▶ _Activity_
All entries are to be returned verbatim.
(Data shown Opens)
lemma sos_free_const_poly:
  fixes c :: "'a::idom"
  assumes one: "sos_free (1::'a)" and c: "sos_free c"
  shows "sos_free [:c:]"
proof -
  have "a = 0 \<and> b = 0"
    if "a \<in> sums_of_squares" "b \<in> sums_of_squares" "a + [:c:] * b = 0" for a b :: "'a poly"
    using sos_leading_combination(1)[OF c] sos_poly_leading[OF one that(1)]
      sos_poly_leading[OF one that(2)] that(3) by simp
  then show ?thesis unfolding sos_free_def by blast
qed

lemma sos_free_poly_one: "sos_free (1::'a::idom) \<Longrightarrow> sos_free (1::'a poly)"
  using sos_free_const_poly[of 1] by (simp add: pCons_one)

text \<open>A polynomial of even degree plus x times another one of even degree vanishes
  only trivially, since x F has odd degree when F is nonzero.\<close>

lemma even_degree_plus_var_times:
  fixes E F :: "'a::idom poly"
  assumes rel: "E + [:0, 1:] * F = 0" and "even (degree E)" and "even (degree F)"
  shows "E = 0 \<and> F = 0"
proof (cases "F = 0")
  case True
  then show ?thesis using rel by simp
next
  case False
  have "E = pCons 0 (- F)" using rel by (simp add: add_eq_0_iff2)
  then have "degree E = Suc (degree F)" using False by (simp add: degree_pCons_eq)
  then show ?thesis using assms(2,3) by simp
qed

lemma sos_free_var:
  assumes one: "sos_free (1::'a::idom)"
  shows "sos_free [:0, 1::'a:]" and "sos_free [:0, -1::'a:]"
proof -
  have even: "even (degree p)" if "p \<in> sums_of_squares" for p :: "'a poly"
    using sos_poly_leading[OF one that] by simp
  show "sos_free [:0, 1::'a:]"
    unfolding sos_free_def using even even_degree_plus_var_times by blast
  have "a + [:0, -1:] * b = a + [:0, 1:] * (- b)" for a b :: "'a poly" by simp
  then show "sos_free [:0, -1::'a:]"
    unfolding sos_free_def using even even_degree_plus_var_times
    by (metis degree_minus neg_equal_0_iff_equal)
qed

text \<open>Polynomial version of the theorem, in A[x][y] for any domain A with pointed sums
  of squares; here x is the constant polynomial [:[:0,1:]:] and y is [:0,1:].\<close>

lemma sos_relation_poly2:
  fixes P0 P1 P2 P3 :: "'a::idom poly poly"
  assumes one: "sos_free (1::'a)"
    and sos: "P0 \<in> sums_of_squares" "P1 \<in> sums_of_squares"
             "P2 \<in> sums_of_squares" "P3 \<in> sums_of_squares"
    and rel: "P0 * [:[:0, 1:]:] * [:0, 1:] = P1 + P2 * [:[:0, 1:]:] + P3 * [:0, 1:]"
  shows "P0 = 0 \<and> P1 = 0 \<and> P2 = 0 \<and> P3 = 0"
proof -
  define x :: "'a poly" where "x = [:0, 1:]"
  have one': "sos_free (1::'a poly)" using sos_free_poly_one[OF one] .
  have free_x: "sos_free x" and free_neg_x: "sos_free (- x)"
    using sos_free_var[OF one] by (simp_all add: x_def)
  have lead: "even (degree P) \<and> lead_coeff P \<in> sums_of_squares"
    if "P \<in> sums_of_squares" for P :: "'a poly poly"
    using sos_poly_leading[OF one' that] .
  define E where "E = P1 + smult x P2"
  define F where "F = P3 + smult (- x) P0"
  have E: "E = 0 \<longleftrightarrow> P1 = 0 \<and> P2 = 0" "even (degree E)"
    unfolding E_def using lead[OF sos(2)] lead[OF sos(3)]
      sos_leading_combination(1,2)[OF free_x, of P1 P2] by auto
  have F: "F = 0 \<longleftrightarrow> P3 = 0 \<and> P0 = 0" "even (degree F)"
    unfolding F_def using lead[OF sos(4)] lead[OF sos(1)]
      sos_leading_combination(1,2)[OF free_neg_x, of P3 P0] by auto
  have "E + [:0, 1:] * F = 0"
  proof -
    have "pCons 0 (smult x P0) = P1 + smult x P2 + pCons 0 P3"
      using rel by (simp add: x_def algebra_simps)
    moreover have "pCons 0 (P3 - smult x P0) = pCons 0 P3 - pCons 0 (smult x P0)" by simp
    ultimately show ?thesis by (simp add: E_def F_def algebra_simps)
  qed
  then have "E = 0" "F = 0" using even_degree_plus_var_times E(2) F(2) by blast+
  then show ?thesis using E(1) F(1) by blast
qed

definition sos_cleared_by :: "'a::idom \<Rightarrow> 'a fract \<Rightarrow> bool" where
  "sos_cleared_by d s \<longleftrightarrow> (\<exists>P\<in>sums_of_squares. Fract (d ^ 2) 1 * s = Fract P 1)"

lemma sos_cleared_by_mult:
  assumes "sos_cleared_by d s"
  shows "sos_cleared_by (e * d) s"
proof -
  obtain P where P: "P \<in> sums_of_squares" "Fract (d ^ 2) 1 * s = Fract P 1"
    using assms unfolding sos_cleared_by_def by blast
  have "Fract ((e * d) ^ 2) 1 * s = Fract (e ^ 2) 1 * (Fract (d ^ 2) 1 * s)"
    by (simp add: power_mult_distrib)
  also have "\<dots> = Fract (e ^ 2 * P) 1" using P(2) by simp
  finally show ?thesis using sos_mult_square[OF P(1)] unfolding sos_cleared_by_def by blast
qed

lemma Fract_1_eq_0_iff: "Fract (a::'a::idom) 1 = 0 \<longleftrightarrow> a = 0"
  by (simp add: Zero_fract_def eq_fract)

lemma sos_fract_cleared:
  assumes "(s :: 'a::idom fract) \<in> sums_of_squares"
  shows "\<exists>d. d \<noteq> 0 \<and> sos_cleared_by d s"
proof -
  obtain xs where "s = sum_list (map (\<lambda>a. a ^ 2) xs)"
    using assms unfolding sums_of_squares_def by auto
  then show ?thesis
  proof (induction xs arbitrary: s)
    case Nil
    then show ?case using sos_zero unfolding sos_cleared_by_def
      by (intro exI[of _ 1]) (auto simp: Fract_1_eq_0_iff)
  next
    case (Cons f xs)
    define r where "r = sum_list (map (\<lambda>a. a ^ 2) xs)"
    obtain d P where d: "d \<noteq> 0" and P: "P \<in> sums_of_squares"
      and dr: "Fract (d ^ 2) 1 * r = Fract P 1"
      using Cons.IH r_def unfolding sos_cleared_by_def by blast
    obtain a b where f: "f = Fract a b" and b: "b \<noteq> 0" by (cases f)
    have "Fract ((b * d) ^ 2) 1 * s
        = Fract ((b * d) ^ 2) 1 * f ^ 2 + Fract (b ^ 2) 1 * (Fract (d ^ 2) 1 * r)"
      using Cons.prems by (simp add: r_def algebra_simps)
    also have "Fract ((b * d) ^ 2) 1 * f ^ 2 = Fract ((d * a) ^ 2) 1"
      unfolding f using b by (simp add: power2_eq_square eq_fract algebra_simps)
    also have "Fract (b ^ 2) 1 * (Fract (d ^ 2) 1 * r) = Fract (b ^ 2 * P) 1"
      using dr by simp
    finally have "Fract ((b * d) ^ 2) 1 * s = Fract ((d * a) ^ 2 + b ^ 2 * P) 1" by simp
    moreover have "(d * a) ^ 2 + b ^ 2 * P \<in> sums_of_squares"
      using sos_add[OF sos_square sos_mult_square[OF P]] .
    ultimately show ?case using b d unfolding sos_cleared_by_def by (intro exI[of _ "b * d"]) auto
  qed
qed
(Data shown Closes)
▶ _Answer box_
lemma sos_free_const_poly:
  fixes c :: "'a::idom"
  assumes one: "sos_free (1::'a)" and c: "sos_free c"
  shows "sos_free [:c:]"
proof -
  have "a = 0 \<and> b = 0"
    if "a \<in> sums_of_squares" "b \<in> sums_of_squares" "a + [:c:] * b = 0" for a b :: "'a poly"
    using sos_leading_combination(1)[OF c] sos_poly_leading[OF one that(1)]
      sos_poly_leading[OF one that(2)] that(3) by simp
  then show ?thesis unfolding sos_free_def by blast
qed

lemma sos_free_poly_one: "sos_free (1::'a::idom) \<Longrightarrow> sos_free (1::'a poly)"
  using sos_free_const_poly[of 1] by (simp add: pCons_one)

text \<open>A polynomial of even degree plus x times another one of even degree vanishes
  only trivially, since x F has odd degree when F is nonzero.\<close>

lemma even_degree_plus_var_times:
  fixes E F :: "'a::idom poly"
  assumes rel: "E + [:0, 1:] * F = 0" and "even (degree E)" and "even (degree F)"
  shows "E = 0 \<and> F = 0"
proof (cases "F = 0")
  case True
  then show ?thesis using rel by simp
next
  case False
  have "E = pCons 0 (- F)" using rel by (simp add: add_eq_0_iff2)
  then have "degree E = Suc (degree F)" using False by (simp add: degree_pCons_eq)
  then show ?thesis using assms(2,3) by simp
qed

lemma sos_free_var:
  assumes one: "sos_free (1::'a::idom)"
  shows "sos_free [:0, 1::'a:]" and "sos_free [:0, -1::'a:]"
proof -
  have even: "even (degree p)" if "p \<in> sums_of_squares" for p :: "'a poly"
    using sos_poly_leading[OF one that] by simp
  show "sos_free [:0, 1::'a:]"
    unfolding sos_free_def using even even_degree_plus_var_times by blast
  have "a + [:0, -1:] * b = a + [:0, 1:] * (- b)" for a b :: "'a poly" by simp
  then show "sos_free [:0, -1::'a:]"
    unfolding sos_free_def using even even_degree_plus_var_times
    by (metis degree_minus neg_equal_0_iff_equal)
qed

text \<open>Polynomial version of the theorem, in A[x][y] for any domain A with pointed sums
  of squares; here x is the constant polynomial [:[:0,1:]:] and y is [:0,1:].\<close>

lemma sos_relation_poly2:
  fixes P0 P1 P2 P3 :: "'a::idom poly poly"
  assumes one: "sos_free (1::'a)"
    and sos: "P0 \<in> sums_of_squares" "P1 \<in> sums_of_squares"
             "P2 \<in> sums_of_squares" "P3 \<in> sums_of_squares"
    and rel: "P0 * [:[:0, 1:]:] * [:0, 1:] = P1 + P2 * [:[:0, 1:]:] + P3 * [:0, 1:]"
  shows "P0 = 0 \<and> P1 = 0 \<and> P2 = 0 \<and> P3 = 0"
proof -
  define x :: "'a poly" where "x = [:0, 1:]"
  have one': "sos_free (1::'a poly)" using sos_free_poly_one[OF one] .
  have free_x: "sos_free x" and free_neg_x: "sos_free (- x)"
    using sos_free_var[OF one] by (simp_all add: x_def)
  have lead: "even (degree P) \<and> lead_coeff P \<in> sums_of_squares"
    if "P \<in> sums_of_squares" for P :: "'a poly poly"
    using sos_poly_leading[OF one' that] .
  define E where "E = P1 + smult x P2"
  define F where "F = P3 + smult (- x) P0"
  have E: "E = 0 \<longleftrightarrow> P1 = 0 \<and> P2 = 0" "even (degree E)"
    unfolding E_def using lead[OF sos(2)] lead[OF sos(3)]
      sos_leading_combination(1,2)[OF free_x, of P1 P2] by auto
  have F: "F = 0 \<longleftrightarrow> P3 = 0 \<and> P0 = 0" "even (degree F)"
    unfolding F_def using lead[OF sos(4)] lead[OF sos(1)]
      sos_leading_combination(1,2)[OF free_neg_x, of P3 P0] by auto
  have "E + [:0, 1:] * F = 0"
  proof -
    have "pCons 0 (smult x P0) = P1 + smult x P2 + pCons 0 P3"
      using rel by (simp add: x_def algebra_simps)
    moreover have "pCons 0 (P3 - smult x P0) = pCons 0 P3 - pCons 0 (smult x P0)" by simp
    ultimately show ?thesis by (simp add: E_def F_def algebra_simps)
  qed
  then have "E = 0" "F = 0" using even_degree_plus_var_times E(2) F(2) by blast+
  then show ?thesis using E(1) F(1) by blast
qed

definition sos_cleared_by :: "'a::idom \<Rightarrow> 'a fract \<Rightarrow> bool" where
  "sos_cleared_by d s \<longleftrightarrow> (\<exists>P\<in>sums_of_squares. Fract (d ^ 2) 1 * s = Fract P 1)"

lemma sos_cleared_by_mult:
  assumes "sos_cleared_by d s"
  shows "sos_cleared_by (e * d) s"
proof -
  obtain P where P: "P \<in> sums_of_squares" "Fract (d ^ 2) 1 * s = Fract P 1"
    using assms unfolding sos_cleared_by_def by blast
  have "Fract ((e * d) ^ 2) 1 * s = Fract (e ^ 2) 1 * (Fract (d ^ 2) 1 * s)"
    by (simp add: power_mult_distrib)
  also have "\<dots> = Fract (e ^ 2 * P) 1" using P(2) by simp
  finally show ?thesis using sos_mult_square[OF P(1)] unfolding sos_cleared_by_def by blast
qed

lemma Fract_1_eq_0_iff: "Fract (a::'a::idom) 1 = 0 \<longleftrightarrow> a = 0"
  by (simp add: Zero_fract_def eq_fract)

lemma sos_fract_cleared:
  assumes "(s :: 'a::idom fract) \<in> sums_of_squares"
  shows "\<exists>d. d \<noteq> 0 \<and> sos_cleared_by d s"
proof -
  obtain xs where "s = sum_list (map (\<lambda>a. a ^ 2) xs)"
    using assms unfolding sums_of_squares_def by auto
  then show ?thesis
  proof (induction xs arbitrary: s)
    case Nil
    then show ?case using sos_zero unfolding sos_cleared_by_def
      by (intro exI[of _ 1]) (auto simp: Fract_1_eq_0_iff)
  next
    case (Cons f xs)
    define r where "r = sum_list (map (\<lambda>a. a ^ 2) xs)"
    obtain d P where d: "d \<noteq> 0" and P: "P \<in> sums_of_squares"
      and dr: "Fract (d ^ 2) 1 * r = Fract P 1"
      using Cons.IH r_def unfolding sos_cleared_by_def by blast
    obtain a b where f: "f = Fract a b" and b: "b \<noteq> 0" by (cases f)
    have "Fract ((b * d) ^ 2) 1 * s
        = Fract ((b * d) ^ 2) 1 * f ^ 2 + Fract (b ^ 2) 1 * (Fract (d ^ 2) 1 * r)"
      using Cons.prems by (simp add: r_def algebra_simps)
    also have "Fract ((b * d) ^ 2) 1 * f ^ 2 = Fract ((d * a) ^ 2) 1"
      unfolding f using b by (simp add: power2_eq_square eq_fract algebra_simps)
    also have "Fract (b ^ 2) 1 * (Fract (d ^ 2) 1 * r) = Fract (b ^ 2 * P) 1"
      using dr by simp
    finally have "Fract ((b * d) ^ 2) 1 * s = Fract ((d * a) ^ 2 + b ^ 2 * P) 1" by simp
    moreover have "(d * a) ^ 2 + b ^ 2 * P \<in> sums_of_squares"
      using sos_add[OF sos_square sos_mult_square[OF P]] .
    ultimately show ?case using b d unfolding sos_cleared_by_def by (intro exI[of _ "b * d"]) auto
  qed
qed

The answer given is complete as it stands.